Yes, many would say. The argument goes that prospective member states are more vulnerable to give in to Brussels’ pressure in the run-up to events that constitute landmarks in the accession process: Stabilization and Association Agreement, candidate status award, opening of the candidate-EU negotiations, and the likes. The logic is simple: a needy state is malleable by the EU “stick and carrot” approach, hence we can expect the former not only to meet the formal accession criteria (e.g. Copenhagen), but also to bow to extra “side conditions” pertaining to non-accession matters.
The recent accord between the Serbian government and Kosovo authorities has been raised by pundits as a case in point. Two months ago Serbia agreed to cross what has been marked the “red-line” by the previous government – it held nine rounds of talks with Kosovo representatives, resulting in an agreement which regulates the position and status of the Serbian-majority populated municipalities in the north of Kosovo, including border, police, and judiciary issues. This all coincides with the expectation of the EU approving the beginning of negotiations about the Serbian membership, due to be decided upon on 28 June. Hence the conclusion that Serbia agreed to go “farther” in its talks with Kosovo owing to the expectation of obtaining EU accession negotiations, whereby the EU pushes Serbia to undertake steps which would contribute to Kosovo’s independence, if not in one step – than in a piecemeal way.
But such conclusions might be misleading. While Serbia has no doubt been subjected to increasing pressure since the new government formed in the summer 2012, the sources of this pressure, as well as the Serbian officials’ readiness to be “cooperative” during the Kosovo negotiations, are more varied and dispersed than the EU conditionality narrative holds. Although the reports and analyses of why Serbia crossed its “red line” mention the EU as the core driver of the recent “breakthroughs”, the mechanisms of rendering such pressure effective lie beyond Brussels and have much to do with the political elite’s “face lifting” and the growing crisis.

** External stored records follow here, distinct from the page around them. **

lemma G_skew:
  assumes "v \<in> DA" "u \<in> DA"
  shows "inner (G v) u - inner v (G u) = 2 * inner (J1 (Sd v)) (Sd u)"
proof -
  have lim: "((\<lambda>R. inner (Gam (Om.Phi R (Sd v))) u - inner v (Gam (Om.Phi R (Sd u)))) \<longlongrightarrow> inner (G v) u - inner v (G u)) at_top"
    by (intro tendsto_intros G_tendsto assms)
  have lim': "((\<lambda>R. 2 * inner (J1 (Om.Phi R (Sd v))) (Sd u)) \<longlongrightarrow> 2 * inner (J1 (Sd v)) (Sd u)) at_top"
    by (intro tendsto_intros Om.tendsto_J Om.Phi_tendsto)
  have "eventually (\<lambda>R. inner (Gam (Om.Phi R (Sd v))) u - inner v (Gam (Om.Phi R (Sd u)))
      = 2 * inner (J1 (Om.Phi R (Sd v))) (Sd u)) at_top"
    using eventually_gt_at_top[of 0]
  proof eventually_elim
    case (elim R)
    let ?a = "Sd v" and ?b = "Sd u"
    have "inner (Gam (Om.Phi R ?a)) u = inner ?a (Om (Om.Phi R ?b)) - inner ?a (J1 (Om.Phi R ?b))"
      using is_adjoint_Gam_Phi[OF elim] by (simp add: is_adjoint_def inner_diff_right)
    moreover have "inner v (Gam (Om.Phi R ?b)) = inner ?b (Om (Om.Phi R ?a)) - inner ?b (J1 (Om.Phi R ?a))"
      using is_adjoint_Gam_Phi[OF elim] by (simp add: is_adjoint_def inner_diff_right inner_commute)
    moreover have "inner ?a (Om (Om.Phi R ?b)) = inner ?b (Om (Om.Phi R ?a))"
      using Om.T_Phi_symmetric[OF elim, of ?a ?b] by (simp add: inner_commute)
    moreover have "inner ?a (J1 (Om.Phi R ?b)) = - inner (J1 (Om.Phi R ?a)) ?b"
      by (simp add: Om.inner_J_left Om.Phi_symmetric[OF elim] flip: Om.Phi_J[OF elim])
    ultimately show ?case
      by (simp add: inner_commute)
  qed
  from tendsto_cong[THEN iffD1, OF this lim] lim' show ?thesis
    by (rule tendsto_unique[OF trivial_limit_at_top_linorder])
qed

lemma inner_Om_Sd:
  assumes "\<phi> \<in> DO"
  shows "inner (Om \<phi>) (Sd u) = inner (Gam \<phi>) u + inner \<phi> (J1 (Sd u))"
proof -
  have "S (Om \<phi>) = S (Om \<phi> + J1 \<phi>) - S (J1 \<phi>)"
    using bounded_linear_S by (simp add: linear_diff[OF bounded_linear.linear, symmetric])
  also have "\<dots> = Gam \<phi> - J0 (S \<phi>)"
    by (simp add: Gam_eq_S[OF assms] S_J)
  finally show ?thesis
    by (simp add: inner_S_Sd[symmetric] inner_diff_left A.inner_J_left inner_S_Sd Sd_J)
qed

definition coupled_domain :: "('a \<times> 'b) set" where
  "coupled_domain = {(v, \<phi> - Sd v) | v \<phi>. v \<in> DA \<and> \<phi> \<in> DO}"

lemma mem_coupled_domain_iff: "p \<in> coupled_domain \<longleftrightarrow> fst p \<in> DA \<and> snd p + Sd (fst p) \<in> DO"
  unfolding coupled_domain_def by (cases p) force

text \<open>The closed form of the paper's operator \<open>\<A>\<close>, see \<open>regularized_op_tendsto\<close>.\<close>

definition coupled_op :: "'a \<times> 'b \<Rightarrow> 'a \<times> 'b" where
  "coupled_op p = (A (fst p) + Gam (snd p + Sd (fst p)) - G (fst p), Om (snd p + Sd (fst p)) - J1 (Sd (fst p)))"

lemma coupled_op_Pair: "coupled_op (v, \<phi> - Sd v) = (A v + Gam \<phi> - G v, Om \<phi> - J1 (Sd v))"
  by (simp add: coupled_op_def)

definition regularized_op :: "'a \<times> 'b \<Rightarrow> real \<Rightarrow> 'a \<times> 'b" where
  "regularized_op = (\<lambda>(v, w) R. (A v + Gam (PhiR J1 DO Om R w),
     badj J0 J1 (\<lambda>x. Gam (PhiR J1 DO Om R x)) v + Om (PhiR J1 DO Om R w)))"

Take the so called “re-branding” of once nationalist elites. The current government is run by hard-liners from the Milosevic’s time, and since the “5th October Revolution” (2000), which spelled the end to his regime, this is the first coalition dominated by former nationalist parties, notorious for their political (mis)deeds in the 1990s. Now the ruling Serbian Progressive Party, as well as the Socialists Party (once Milosevic’s), are making an effort to portray themselves as moderately conservative, pro-European parties, who have discarded the radical anti-European discourse. As a result, the government is resolved to stay away from international disagreements, let alone open conflicts, be they related to regional or wider foreign affairs. Therefore any failure to move the Kosovo talks forward by making concessions to the opposite side would be met by concerted charges that the once nationalists in fact have not altered their manner of confronting with the West.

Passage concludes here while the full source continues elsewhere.